Would it be better to put the tank in the center of the island or close to an edge, right over a support wall?
The final look of the tank will be of an open-top, heavily planted aquarium. It will be 6 feet from any cooking area. Is there still a major concern for "cooking-related" pollutants?

Thanks all!


----------



## joshvito (Apr 6, 2009)

I think support wise, you will be okay. The counter is built to support a lot of weight, just think about the weight of the granite top.
I would be careful spraying any cleaners in the vicinity of the tank. The smallest bit of aerosol cleaner could be detrimental.


----------



## mudboots (Jun 24, 2009)

The problem is you'll have to go with at least a 125 gallon aquarium to fill up that 6 foot space and then build another kitchen! Just kidding, I think the idea of the aquarium in the centrer is great, and support of the weight will not be an issue. Just be careful about how much heat will impact the aquarium (how close is the glass to you heat source et cetera), as you don't want to over do it on the temps of the water.


----------



## mikeykc (Apr 17, 2009)

Thanks both of you!

Well my wife shot the idea down, she's worried that the granite itself will crack.
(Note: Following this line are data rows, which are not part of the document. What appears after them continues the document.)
(* Let $\kappa$ be an infinite limit cardinal. Then there exists a connected graph $G$ with $|V_G| = \kappa$ and chromatic number $\chi(G) = \kappa$ such that the complete graph $K_\kappa$ is not a minor of $G$.
   Context: A graph is a pair $G=(V,E)$ with $E \subseteq [V]^2$. $K_\kappa$ is the complete graph $(\kappa,[\kappa]^2)$. The chromatic number $\chi(G)$ is the least cardinal $\mu$ such that there is a map $c:V\to\mu$ with $c(u)\neq c(v)$ whenever $\{u,v\}\in E$. A graph $H$ is a minor of $G$ if there are pairwise disjoint non-empty sets $(X_u)_{u\in V_H}$ of vertices of $G$, each inducing a connected subgraph of $G$, such that for every edge $\{u,v\}$ of $H$ there are $x\in X_u$, $y\in X_v$ with $\{x,y\}$ an edge of $G$. *)

theory Defs
  imports Main
begin

definition graph :: "'a set \<Rightarrow> 'a set set \<Rightarrow> bool" where
  "graph V E \<longleftrightarrow> E \<subseteq> {e. \<exists>u v. e = {u, v} \<and> u \<noteq> v \<and> u \<in> V \<and> v \<in> V}"

definition connected_on :: "'a set set \<Rightarrow> 'a set \<Rightarrow> bool" where
  "connected_on E X \<longleftrightarrow> X \<noteq> {} \<and>
     (\<forall>x\<in>X. \<forall>y\<in>X. (x, y) \<in> {(u, v). {u, v} \<in> E \<and> u \<in> X \<and> v \<in> X}\<^sup>*)"

definition proper_colouring :: "'a set \<Rightarrow> 'a set set \<Rightarrow> ('a \<Rightarrow> 'c) \<Rightarrow> 'c set \<Rightarrow> bool" where
  "proper_colouring V E c C \<longleftrightarrow> c ` V \<subseteq> C \<and> (\<forall>u v. {u, v} \<in> E \<longrightarrow> c u \<noteq> c v)"

definition chromatic_number_is :: "'a set \<Rightarrow> 'a set set \<Rightarrow> 'c set \<Rightarrow> bool" where
  "chromatic_number_is V E K \<longleftrightarrow>
     (\<exists>c. proper_colouring V E c K) \<and>
     (\<forall>C :: 'c set. ordLess2 (card_of C) (card_of K) \<longrightarrow> \<not> (\<exists>c. proper_colouring V E c C))"

definition complete_edges :: "'b set \<Rightarrow> 'b set set" where
  "complete_edges K = {e. \<exists>u v. e = {u, v} \<and> u \<noteq> v \<and> u \<in> K \<and> v \<in> K}"

definition is_minor :: "'b set \<Rightarrow> 'b set set \<Rightarrow> 'a set \<Rightarrow> 'a set set \<Rightarrow> bool" where
  "is_minor VH EH VG EG \<longleftrightarrow> (\<exists>X :: 'b \<Rightarrow> 'a set.
     (\<forall>u\<in>VH. X u \<noteq> {} \<and> X u \<subseteq> VG \<and> connected_on EG (X u)) \<and>
     (\<forall>u\<in>VH. \<forall>v\<in>VH. u \<noteq> v \<longrightarrow> X u \<inter> X v = {}) \<and>
     (\<forall>u v. {u, v} \<in> EH \<longrightarrow> (\<exists>x\<in>X u. \<exists>y\<in>X v. {x, y} \<in> EG)))"

end

theory Submission
  imports Defs
begin

(* Add an apex r joined to every other vertex and split the remaining vertices into disjoint
   cliques, one of size |underS a| for each a in K, where K carries its cardinal well-order.
   The apex makes the graph connected.  Since kappa is a limit cardinal, every cardinal below
   kappa is exceeded by the size of some clique, so fewer than kappa colours never suffice.
   In a K_kappa minor at most one branch set contains r; every other branch set is connected
   in G - r, hence lies in one clique, and any two of them are adjacent, hence lie in the same
   clique.  So kappa disjoint branch sets would fit into a clique of size below kappa. *)

notation
  ordLeq2 (infix \<open><=o\<close> 50) and
  ordLess2 (infix \<open><o\<close> 50) and
  ordIso2 (infix \<open>=o\<close> 50)

lemma card_of_Diff_singleton_infinite:
  assumes "infinite A"
  shows "card_of (A - {a}) =o card_of A"
proof -
  obtain h where "bij_betw h A (A - {a})"
    using infinite_imp_bij_betw[OF assms] by blast
  thus ?thesis using card_of_ordIsoI ordIso_symmetric by blast
qed

lemma card_of_Sigma_underS:
  assumes "infinite K"
  shows "card_of (Sigma K (underS (card_of K))) =o card_of K"
proof -
  have "Sigma K (underS (card_of K)) \<subseteq> K \<times> K"
    using underS_Field[of _ "card_of K"] by (auto simp: Field_card_of)
  hence "card_of (Sigma K (underS (card_of K))) <=o card_of (K \<times> K)" by (rule card_of_mono1)
  hence le: "card_of (Sigma K (underS (card_of K))) <=o card_of K"
    using card_of_Times_same_infinite[OF assms] ordLeq_ordIso_trans by blast
  have "\<exists>b. b \<in> K \<and> a \<noteq> b \<and> (a, b) \<in> card_of K" if "a \<in> K" for a
    using infinite_Card_order_limit[OF card_of_Card_order, of K a] assms that
    by (force simp: Field_card_of)
  then obtain g where g: "\<And>a. a \<in> K \<Longrightarrow> g a \<in> K \<and> a \<noteq> g a \<and> (a, g a) \<in> card_of K"
    by metis
  have "card_of K <=o card_of (Sigma K (underS (card_of K)))"
  proof (rule card_of_ordLeqI[where f = "\<lambda>a. (g a, a)"])
    show "inj_on (\<lambda>a. (g a, a)) K" by (auto simp: inj_on_def)
    show "(g a, a) \<in> Sigma K (underS (card_of K))" if "a \<in> K" for a
      using g[OF that] by (auto simp: underS_def)
  qed
  thus ?thesis using le ordIso_iff_ordLeq by blast
qed

lemma ordLess_card_of_ordIso_underS:
  assumes "card_of B <o card_of K"
  shows "\<exists>a\<in>K. card_of B =o card_of (underS (card_of K) a)"
proof -
  have W: "Well_order (card_of K)" by (rule card_of_Well_order)
  obtain a where a: "a \<in> K" and iso: "card_of B =o Restr (card_of K) (underS (card_of K) a)"
    using ordLess_iff_ordIso_Restr[OF W card_of_Well_order[of B]] assms
    by (auto simp: Field_card_of)
  have "Field (Restr (card_of K) (underS (card_of K) a)) = underS (card_of K) a"
    using W wo_rel.underS_ofilter Field_Restr_ofilter unfolding wo_rel_def by fastforce
  hence "card_of B =o card_of (underS (card_of K) a)"
    using card_of_cong[OF iso] by (simp add: Field_card_of)
  thus ?thesis using a by blast
qed

lemma limit_card_of_ordLess_underS:
  assumes limit: "\<forall>A\<subseteq>K. card_of A <o card_of K \<longrightarrow>
      (\<exists>B\<subseteq>K. card_of A <o card_of B \<and> card_of B <o card_of K)"
    and "card_of C <o card_of K"
  shows "\<exists>a\<in>K. card_of C <o card_of (underS (card_of K) a)"
proof -
  obtain A where A: "A < K" "card_of C =o card_of A" "card_of A <o card_of K"
    using assms(2) internalize_card_of_ordLess[of C "card_of K"] unfolding Field_card_of by blast
  obtain B :: "'a set" where B: "card_of A <o card_of B" "card_of B <o card_of K"
    using limit[rule_format, OF less_imp_le[OF A(1)] A(3)] by blast
  obtain a where "a \<in> K" and iso: "card_of B =o card_of (underS (card_of K) a)"
    using ordLess_card_of_ordIso_underS[OF B(2)] by blast
  thus ?thesis
    using ordIso_ordLess_trans[OF A(2) ordLess_ordIso_trans[OF B(1) iso]] by blast
qed

lemma card_of_fibre_bij_betw_Sigma:
  assumes f: "bij_betw f A (Sigma I B)" and "i \<in> I"
  shows "card_of {x \<in> A. fst (f x) = i} =o card_of (B i)"
proof -
  have "bij_betw (snd \<circ> f) {x \<in> A. fst (f x) = i} (B i)"
  proof (rule bij_betw_imageI)
    have "f x = f y" if "fst (f x) = fst (f y)" "snd (f x) = snd (f y)" for x y
      using that by (simp add: prod_eq_iff)
    thus "inj_on (snd \<circ> f) {x \<in> A. fst (f x) = i}"
      using bij_betw_imp_inj_on[OF f] unfolding inj_on_def by auto
    have "snd (f x) \<in> B i" if "x \<in> A" "fst (f x) = i" for x
      using bij_betw_apply[OF f that(1)] that(2) by auto
    moreover have "b \<in> snd ` f ` {x \<in> A. fst (f x) = i}" if b: "b \<in> B i" for b
    proof -
      obtain x where "x \<in> A" "f x = (i, b)"
        using bij_betw_imp_surj_on[OF f] b \<open>i \<in> I\<close> by force
      thus ?thesis by force
    qed
    ultimately show "(snd \<circ> f) ` {x \<in> A. fst (f x) = i} = B i"
      by (auto simp: image_comp[symmetric])
  qed
  thus ?thesis by (rule card_of_ordIsoI)
qed

definition clique :: "'a set set \<Rightarrow> 'a set \<Rightarrow> bool" where
  "clique E Q \<longleftrightarrow> (\<forall>u\<in>Q. \<forall>v\<in>Q. u \<noteq> v \<longrightarrow> {u, v} \<in> E)"

lemma proper_colouring_id:
  assumes "graph V E"
  shows "proper_colouring V E id V"
  using assms unfolding graph_def proper_colouring_def by (auto simp: doubleton_eq_iff)

lemma card_of_clique_ordLeq_colours:
  assumes c: "proper_colouring V E c C" and "clique E Q" and "Q \<subseteq> V"
  shows "card_of Q <=o card_of C"
proof (rule card_of_ordLeqI[where f = c])
  show "inj_on c Q"
    using assms unfolding inj_on_def clique_def proper_colouring_def by metis
  show "c v \<in> C" if "v \<in> Q" for v
    using c that \<open>Q \<subseteq> V\<close> unfolding proper_colouring_def by blast
qed

lemma chromatic_number_is_selfI:
  fixes V :: "'a set"
  assumes "graph V E"
    and large_cliques:
      "\<And>C :: 'a set. card_of C <o card_of V \<Longrightarrow> \<exists>Q\<subseteq>V. clique E Q \<and> card_of C <o card_of Q"
  shows "chromatic_number_is V E V"
  unfolding chromatic_number_is_def
proof (intro conjI allI impI notI)
  show "\<exists>c. proper_colouring V E c V"
    using proper_colouring_id[OF assms(1)] by blast
next
  fix C :: "'a set"
  assume "card_of C <o card_of V" and "\<exists>c. proper_colouring V E c C"
  then obtain Q c where "Q \<subseteq> V" "clique E Q" "card_of C <o card_of Q" "proper_colouring V E c C"
    using large_cliques by blast
  thus False
    using card_of_clique_ordLeq_colours not_ordLess_ordLeq by blast
qed

definition cone_of_cliques :: "'a \<Rightarrow> ('a \<Rightarrow> 'b) \<Rightarrow> 'a set \<Rightarrow> 'a set set" where
  "cone_of_cliques r cl V =
     {{r, v} | v. v \<in> V \<and> v \<noteq> r} \<union>
     {{u, v} | u v. u \<in> V - {r} \<and> v \<in> V - {r} \<and> u \<noteq> v \<and> cl u = cl v}"

lemma cone_of_cliques_edgeD:
  assumes "{x, y} \<in> cone_of_cliques r cl V" and "r \<in> V"
  shows "x \<noteq> y \<and> x \<in> V \<and> y \<in> V \<and> (x = r \<or> y = r \<or> cl x = cl y)"
  using assms unfolding cone_of_cliques_def by (auto simp: doubleton_eq_iff)

lemma graph_cone_of_cliques: "r \<in> V \<Longrightarrow> graph V (cone_of_cliques r cl V)"
  unfolding graph_def cone_of_cliques_def by auto

lemma clique_cone_of_cliques_fibre:
  "clique (cone_of_cliques r cl V) {v \<in> V - {r}. cl v = a}"
  unfolding clique_def cone_of_cliques_def by blast

lemma connected_on_cone_of_cliques:
  assumes r: "r \<in> V"
  shows "connected_on (cone_of_cliques r cl V) V"
proof -
  let ?step = "{(u, v). {u, v} \<in> cone_of_cliques r cl V \<and> u \<in> V \<and> v \<in> V}"
  have to_apex: "(x, r) \<in> ?step\<^sup>*" and from_apex: "(r, x) \<in> ?step\<^sup>*" if "x \<in> V" for x
  proof -
    have "x = r \<or> ((x, r) \<in> ?step \<and> (r, x) \<in> ?step)"
      using that r unfolding cone_of_cliques_def by (auto simp: insert_commute)
    thus "(x, r) \<in> ?step\<^sup>*" "(r, x) \<in> ?step\<^sup>*" by auto
  qed
  show ?thesis
    unfolding connected_on_def
  proof (intro conjI ballI)
    show "V \<noteq> {}" using r by blast
    fix x y assume "x \<in> V" "y \<in> V"
    show "(x, y) \<in> ?step\<^sup>*"
      using to_apex[OF \<open>x \<in> V\<close>] from_apex[OF \<open>y \<in> V\<close>] by (rule rtrancl_trans)
  qed
qed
My structural engineering buddy said it's not wise either, as granite has been known to stress-crack at less than 90 lbs/sq ft.


----------



## TAB (Feb 7, 2009)

as long as it was installed correctly you can do jumping jacks on a granite counter top and it won't crack.

You have to remember its not just the granite there should also be atleast a 1/2" thick sheet of ply under it and they shold be silconed together.

I've placed 200+ gallon tanks on grantie tops with no issuses.


if granite can stress crack at 90 lbs/sqft. there would be no granite mountains. Granite can weight more then that per cubic foot.


----------



## mikeykc (Apr 17, 2009)

TAB said:


> as long as it was installed correctly you can do jumping jacks on a granite counter top and it won't crack.
> 
> You have to remember its not just the granite there should also be atleast a 1/2" thick sheet of ply under it and they shold be silconed together.
> 
> ...


Agreed on the mountain issue, haha. I asked my buddy that, but he said the same thing you did: it depends on the type of granite used and how it was installed.


----------



## dachewitt (Feb 28, 2010)

That sounds like a great focal point. Could you add a support underneath to reinforce (if you get your wife's support). If you can still work around the space for food prep that would be pretty-or sitting and relaxing with food or a drink...I need a bigger kitchen!
Debbie


----------



## OVT (Aug 26, 2010)

I had no problems keeping a 40g tank on a Corian counter top with only a single support wall and under-the-counter "L" brackets. Sounds like a great idea. Maybe I should put my tank back


----------



## mikeykc (Apr 17, 2009)

We ended up putting the tank on a stand in front of a window, that way we can take advantage of the afternoon sunlight.

Incidentally, I also got a Hagen GLO T5 light. It's just a 24 watt light, but I think this is the brightest fluorescent light I have ever seen!


----------